▸ Task instructions
Once the line containing "c A = (\<chi>" is found in the entries below, restate it and each following line word for word, stopping after the line containing "differentiable (at (xi n))".

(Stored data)
-------------------------

(* Let $N$ be a positive integer and let $\mathbf K_1\in\mathbb C^{N\times N}$ be an invertible constant matrix such that $\mathbf K_1$ and $-(\mathbf K_1^* )^{-1}$ have no eigenvalue in common. Let $\xi_n,\eta_n$ ($n=1,2,\dots$) be real independent variables, $z_n=\xi_n+\mathrm i\eta_n$, $\bar z_n=z_n^*=\xi_n-\mathrm i\eta_n$. Let $\mathbf r_1,\mathbf s_1\in\mathbb C^N$ (column vectors) and $\mathbf M_1\in\mathbb C^{N\times N}$ be functions of these variables satisfying, for $n=1,2,\dots$, $$\mathbf K_1\mathbf M_1+\mathbf M_1(\mathbf K_1^* )^{-1}=-\mathbf r_1\mathbf s_1^\dagger(\mathbf K_1^* )^{-1},$$ $$\partial_{\xi_n}\mathbf r_1=(\mathbf K_1^n+(-1)^{n+1}\mathbf K_1^{-n})\mathbf r_1,\quad \partial_{\eta_n}\mathbf r_1=\mathrm i(\mathbf K_1^n-(-1)^{n+1}\mathbf K_1^{-n})\mathbf r_1,$$ $$\partial_{\xi_n}\mathbf s_1=((\mathbf K_1^T)^n+(-1)^{n+1}(\mathbf K_1^T)^{-n})\mathbf s_1,\quad \partial_{\eta_n}\mathbf s_1=\mathrm i((\mathbf K_1^T)^n-(-1)^{n+1}(\mathbf K_1^T)^{-n})\mathbf s_1.$$ On the domain where $\mathbf I_N-\mathbf M_1^*\mathbf M_1$ is invertible, define $$s_1^{(-1,0)}=\mathbf s_1^\dagger(\mathbf K_1^* )^{-1}(\mathbf I_N-\mathbf M_1^*\mathbf M_1)^{-1}\mathbf M_1^*\mathbf K_1^{-1}\mathbf r_1,\quad s_3^{(-1,0)}=\mathbf s_1^T(\mathbf I_N-\mathbf M_1\mathbf M_1^* )^{-1}\mathbf K_1^{-1}\mathbf r_1,$$ $$s_4^{(-1,0)}=\mathbf s_1^T\mathbf M_1(\mathbf I_N-\mathbf M_1^*\mathbf M_1)^{-1}\mathbf r_1^*,$$ and $$\mathbf v=\begin{pmatrix}1-s_1^{(-1,0)}&-(s_3^{(-1,0)})^*\\ -s_3^{(-1,0)}&1-s_4^{(-1,0)}\end{pmatrix}.$$ Then $\mathbf v$ solves the self-dual Yang--Mills equation $$(\mathbf v_{z_{n+1}}\mathbf v^{-1})_{\bar z_{n+1}}+(\mathbf v_{\bar z_n}\mathbf v^{-1})_{z_n}=0,\qquad n=1,2,\dots,$$ and $\mathbf v=\mathbf v^\dagger$, $\det\mathbf v=1$; consequently at each point $\mathbf v$ is either positive definite or negative definite.
   Context: $^*$ denotes entrywise complex conjugation, $^T$ transpose, $^\dagger$ conjugate transpose, $\mathbf I_N$ the $N\times N$ identity. Derivatives with respect to $z_n,\bar z_n$ are the Wirtinger-type derivatives $\partial_{z_n}=\tfrac12(\partial_{\xi_n}-\mathrm i\partial_{\eta_n})$, $\partial_{\bar z_n}=\tfrac12(\partial_{\xi_n}+\mathrm i\partial_{\eta_n})$ (so that $\partial_{\xi_n}=\partial_{z_n}+\partial_{\bar z_n}$, $\partial_{\eta_n}=\mathrm i(\partial_{z_n}-\partial_{\bar z_n})$); subscripts denote partial derivatives. *)

theory Defs
  imports "HOL-Analysis.Analysis"
begin

text \<open>Complex matrices are of type complex^'n^'n (N = CARD('n)), column vectors complex^'n.
  A point of the variable space is a pair of sequences xi, eta :: nat => real;
  only indices n >= 1 are used (paper's indexing).\<close>

definition mconj :: "complex^'m^'n \<Rightarrow> complex^'m^'n" where
  "mconj A = (\<chi> i j. cnj (A $ i $ j))"

definition vconj :: "complex^'n \<Rightarrow> complex^'n" where
  "vconj x = (\<chi> i. cnj (x $ i))"

definition adj :: "complex^'m^'n \<Rightarrow> complex^'n^'m" where
  "adj A = transpose (mconj A)"

definition msmult :: "complex \<Rightarrow> complex^'m^'n \<Rightarrow> complex^'m^'n" where
  "msmult c A = (\<chi> i j. c * A $ i $ j)"

definition mpow :: "complex^'n^'n \<Rightarrow> nat \<Rightarrow> complex^'n^'n" where
  "mpow A k = (((**) A) ^^ k) (mat 1)"

definition bil :: "complex^'n \<Rightarrow> complex^'n \<Rightarrow> complex" where
  "bil x y = (\<Sum>i\<in>UNIV. x $ i * y $ i)"

definition outer :: "complex^'n \<Rightarrow> complex^'n \<Rightarrow> complex^'n^'n" where
  "outer x y = (\<chi> i j. x $ i * y $ j)"

definition is_eigenvalue :: "complex^'n^'n \<Rightarrow> complex \<Rightarrow> bool" where
  "is_eigenvalue A \<mu> \<longleftrightarrow> (\<exists>x. x \<noteq> 0 \<and> A *v x = \<mu> *s x)"

definition pos_def :: "complex^'n^'n \<Rightarrow> bool" where
  "pos_def A \<longleftrightarrow> (\<forall>x. x \<noteq> 0 \<longrightarrow>
     Im (bil (vconj x) (A *v x)) = 0 \<and> Re (bil (vconj x) (A *v x)) > 0)"

definition neg_def :: "complex^'n^'n \<Rightarrow> bool" where
  "neg_def A \<longleftrightarrow> (\<forall>x. x \<noteq> 0 \<longrightarrow>
     Im (bil (vconj x) (A *v x)) = 0 \<and> Re (bil (vconj x) (A *v x)) < 0)"

definition dxi :: "nat \<Rightarrow> ((nat \<Rightarrow> real) \<Rightarrow> (nat \<Rightarrow> real) \<Rightarrow> 'a::real_normed_vector)
                     \<Rightarrow> (nat \<Rightarrow> real) \<Rightarrow> (nat \<Rightarrow> real) \<Rightarrow> 'a" where
  "dxi n F xi eta = vector_derivative (\<lambda>t. F (xi(n := t)) eta) (at (xi n))"

definition deta :: "nat \<Rightarrow> ((nat \<Rightarrow> real) \<Rightarrow> (nat \<Rightarrow> real) \<Rightarrow> 'a::real_normed_vector)
                     \<Rightarrow> (nat \<Rightarrow> real) \<Rightarrow> (nat \<Rightarrow> real) \<Rightarrow> 'a" where
  "deta n F xi eta = vector_derivative (\<lambda>t. F xi (eta(n := t))) (at (eta n))"

definition pdiff :: "nat \<Rightarrow> ((nat \<Rightarrow> real) \<Rightarrow> (nat \<Rightarrow> real) \<Rightarrow> 'a::real_normed_vector)
                     \<Rightarrow> (nat \<Rightarrow> real) \<Rightarrow> (nat \<Rightarrow> real) \<Rightarrow> bool" where
  "pdiff n F xi eta \<longleftrightarrow> (\<lambda>t. F (xi(n := t)) eta) differentiable (at (xi n))
                       \<and> (\<lambda>t. F xi (eta(n := t))) differentiable (at (eta n))"

definition dz :: "nat \<Rightarrow> ((nat \<Rightarrow> real) \<Rightarrow> (nat \<Rightarrow> real) \<Rightarrow> complex^'m^'n)
                     \<Rightarrow> (nat \<Rightarrow> real) \<Rightarrow> (nat \<Rightarrow> real) \<Rightarrow> complex^'m^'n" where
  "dz n F xi eta = msmult (1/2) (dxi n F xi eta - msmult \<i> (deta n F xi eta))"

definition dzb :: "nat \<Rightarrow> ((nat \<Rightarrow> real) \<Rightarrow> (nat \<Rightarrow> real) \<Rightarrow> complex^'m^'n)
                     \<Rightarrow> (nat \<Rightarrow> real) \<Rightarrow> (nat \<Rightarrow> real) \<Rightarrow> complex^'m^'n" where
  "dzb n F xi eta = msmult (1/2) (dxi n F xi eta + msmult \<i> (deta n F xi eta))"

definition s1_val :: "complex^'n^'n \<Rightarrow> complex^'n \<Rightarrow> complex^'n \<Rightarrow> complex^'n^'n \<Rightarrow> complex" where
  "s1_val K r s M = bil (vconj s) ((matrix_inv (mconj K) ** matrix_inv (mat 1 - mconj M ** M)
                        ** mconj M ** matrix_inv K) *v r)"

definition s3_val :: "complex^'n^'n \<Rightarrow> complex^'n \<Rightarrow> complex^'n \<Rightarrow> complex^'n^'n \<Rightarrow> complex" where
  "s3_val K r s M = bil s ((matrix_inv (mat 1 - M ** mconj M) ** matrix_inv K) *v r)"

definition s4_val :: "complex^'n^'n \<Rightarrow> complex^'n \<Rightarrow> complex^'n \<Rightarrow> complex^'n^'n \<Rightarrow> complex" where
  "s4_val K r s M = bil s ((M ** matrix_inv (mat 1 - mconj M ** M)) *v vconj r)"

-------------------------

▸ Result of the exercise
  "msmult c A = (\<chi> i j. c * A $ i $ j)"

definition mpow :: "complex^'n^'n \<Rightarrow> nat \<Rightarrow> complex^'n^'n" where
  "mpow A k = (((**) A) ^^ k) (mat 1)"

definition bil :: "complex^'n \<Rightarrow> complex^'n \<Rightarrow> complex" where
  "bil x y = (\<Sum>i\<in>UNIV. x $ i * y $ i)"

definition outer :: "complex^'n \<Rightarrow> complex^'n \<Rightarrow> complex^'n^'n" where
  "outer x y = (\<chi> i j. x $ i * y $ j)"

definition is_eigenvalue :: "complex^'n^'n \<Rightarrow> complex \<Rightarrow> bool" where
  "is_eigenvalue A \<mu> \<longleftrightarrow> (\<exists>x. x \<noteq> 0 \<and> A *v x = \<mu> *s x)"

definition pos_def :: "complex^'n^'n \<Rightarrow> bool" where
  "pos_def A \<longleftrightarrow> (\<forall>x. x \<noteq> 0 \<longrightarrow>
     Im (bil (vconj x) (A *v x)) = 0 \<and> Re (bil (vconj x) (A *v x)) > 0)"

definition neg_def :: "complex^'n^'n \<Rightarrow> bool" where
  "neg_def A \<longleftrightarrow> (\<forall>x. x \<noteq> 0 \<longrightarrow>
     Im (bil (vconj x) (A *v x)) = 0 \<and> Re (bil (vconj x) (A *v x)) < 0)"

definition dxi :: "nat \<Rightarrow> ((nat \<Rightarrow> real) \<Rightarrow> (nat \<Rightarrow> real) \<Rightarrow> 'a::real_normed_vector)
                     \<Rightarrow> (nat \<Rightarrow> real) \<Rightarrow> (nat \<Rightarrow> real) \<Rightarrow> 'a" where
  "dxi n F xi eta = vector_derivative (\<lambda>t. F (xi(n := t)) eta) (at (xi n))"

definition deta :: "nat \<Rightarrow> ((nat \<Rightarrow> real) \<Rightarrow> (nat \<Rightarrow> real) \<Rightarrow> 'a::real_normed_vector)
                     \<Rightarrow> (nat \<Rightarrow> real) \<Rightarrow> (nat \<Rightarrow> real) \<Rightarrow> 'a" where
  "deta n F xi eta = vector_derivative (\<lambda>t. F xi (eta(n := t))) (at (eta n))"

definition pdiff :: "nat \<Rightarrow> ((nat \<Rightarrow> real) \<Rightarrow> (nat \<Rightarrow> real) \<Rightarrow> 'a::real_normed_vector)
                     \<Rightarrow> (nat \<Rightarrow> real) \<Rightarrow> (nat \<Rightarrow> real) \<Rightarrow> bool" where
  "pdiff n F xi eta \<longleftrightarrow> (\<lambda>t. F (xi(n := t)) eta) differentiable (at (xi n))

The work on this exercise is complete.